• _Stored items_

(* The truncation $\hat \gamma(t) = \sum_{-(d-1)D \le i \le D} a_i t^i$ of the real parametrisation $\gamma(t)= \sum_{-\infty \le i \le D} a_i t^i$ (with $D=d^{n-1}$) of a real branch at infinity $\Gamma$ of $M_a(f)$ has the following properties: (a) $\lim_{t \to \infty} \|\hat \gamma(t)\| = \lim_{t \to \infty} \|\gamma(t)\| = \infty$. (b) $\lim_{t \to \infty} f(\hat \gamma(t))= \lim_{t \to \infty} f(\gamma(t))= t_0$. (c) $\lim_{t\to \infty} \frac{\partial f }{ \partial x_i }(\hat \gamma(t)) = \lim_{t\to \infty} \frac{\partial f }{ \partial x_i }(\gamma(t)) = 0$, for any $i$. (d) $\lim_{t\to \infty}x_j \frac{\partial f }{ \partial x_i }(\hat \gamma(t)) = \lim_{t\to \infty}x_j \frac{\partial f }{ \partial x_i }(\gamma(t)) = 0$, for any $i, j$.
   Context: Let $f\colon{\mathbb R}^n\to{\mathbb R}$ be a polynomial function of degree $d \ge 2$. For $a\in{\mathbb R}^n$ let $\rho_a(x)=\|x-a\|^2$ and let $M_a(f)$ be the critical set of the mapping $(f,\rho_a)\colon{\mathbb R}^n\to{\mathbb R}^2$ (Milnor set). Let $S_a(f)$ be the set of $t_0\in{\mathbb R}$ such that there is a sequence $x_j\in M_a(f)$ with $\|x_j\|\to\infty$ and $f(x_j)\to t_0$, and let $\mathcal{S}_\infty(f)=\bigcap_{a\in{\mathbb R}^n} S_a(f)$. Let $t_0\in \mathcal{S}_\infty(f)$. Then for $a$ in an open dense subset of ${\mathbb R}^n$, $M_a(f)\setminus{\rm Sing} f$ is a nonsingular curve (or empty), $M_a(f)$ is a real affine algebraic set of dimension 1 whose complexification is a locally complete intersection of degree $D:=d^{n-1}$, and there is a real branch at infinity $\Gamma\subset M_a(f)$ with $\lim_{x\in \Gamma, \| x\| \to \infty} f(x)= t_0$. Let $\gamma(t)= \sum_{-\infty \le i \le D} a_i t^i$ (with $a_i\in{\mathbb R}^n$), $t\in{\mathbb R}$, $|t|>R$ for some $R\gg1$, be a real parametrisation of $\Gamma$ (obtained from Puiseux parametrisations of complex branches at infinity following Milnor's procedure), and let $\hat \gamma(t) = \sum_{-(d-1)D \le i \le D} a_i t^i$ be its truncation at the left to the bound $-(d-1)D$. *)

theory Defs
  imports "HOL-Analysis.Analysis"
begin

• _What you need to do_
Repeat each line of the data exactly as it appears above.

• _Result of the exercise_
(* The truncation $\hat \gamma(t) = \sum_{-(d-1)D \le i \le D} a_i t^i$ of the real parametrisation $\gamma(t)= \sum_{-\infty \le i \le D} a_i t^i$ (with $D=d^{n-1}$) of a real branch at infinity $\Gamma$ of $M_a(f)$ has the following properties: (a) $\lim_{t \to \infty} \|\hat \gamma(t)\| = \lim_{t \to \infty} \|\gamma(t)\| = \infty$. (b) $\lim_{t \to \infty} f(\hat \gamma(t))= \lim_{t \to \infty} f(\gamma(t))= t_0$. (c) $\lim_{t\to \infty} \frac{\partial f }{ \partial x_i }(\hat \gamma(t)) = \lim_{t\to \infty} \frac{\partial f }{ \partial x_i }(\gamma(t)) = 0$, for any $i$. (d) $\lim_{t\to \infty}x_j \frac{\partial f }{ \partial x_i }(\hat \gamma(t)) = \lim_{t\to \infty}x_j \frac{\partial f }{ \partial x_i }(\gamma(t)) = 0$, for any $i, j$.
   Context: Let $f\colon{\mathbb R}^n\to{\mathbb R}$ be a polynomial function of degree $d \ge 2$. For $a\in{\mathbb R}^n$ let $\rho_a(x)=\|x-a\|^2$ and let $M_a(f)$ be the critical set of the mapping $(f,\rho_a)\colon{\mathbb R}^n\to{\mathbb R}^2$ (Milnor set). Let $S_a(f)$ be the set of $t_0\in{\mathbb R}$ such that there is a sequence $x_j\in M_a(f)$ with $\|x_j\|\to\infty$ and $f(x_j)\to t_0$, and let $\mathcal{S}_\infty(f)=\bigcap_{a\in{\mathbb R}^n} S_a(f)$. Let $t_0\in \mathcal{S}_\infty(f)$. Then for $a$ in an open dense subset of ${\mathbb R}^n$, $M_a(f)\setminus{\rm Sing} f$ is a nonsingular curve (or empty), $M_a(f)$ is a real affine algebraic set of dimension 1 whose complexification is a locally complete intersection of degree $D:=d^{n-1}$, and there is a real branch at infinity $\Gamma\subset M_a(f)$ with $\lim_{x\in \Gamma, \| x\| \to \infty} f(x)= t_0$. Let $\gamma(t)= \sum_{-\infty \le i \le D} a_i t^i$ (with $a_i\in{\mathbb R}^n$), $t\in{\mathbb R}$, $|t|>R$ for some $R\gg1$, be a real parametrisation of $\Gamma$ (obtained from Puiseux parametrisations of complex branches at infinity following Milnor's procedure), and let $\hat \gamma(t) = \sum_{-(d-1)D \le i \le D} a_i t^i$ be its truncation at the left to the bound $-(d-1)D$. *)

theory Defs
  imports "HOL-Analysis.Analysis"
begin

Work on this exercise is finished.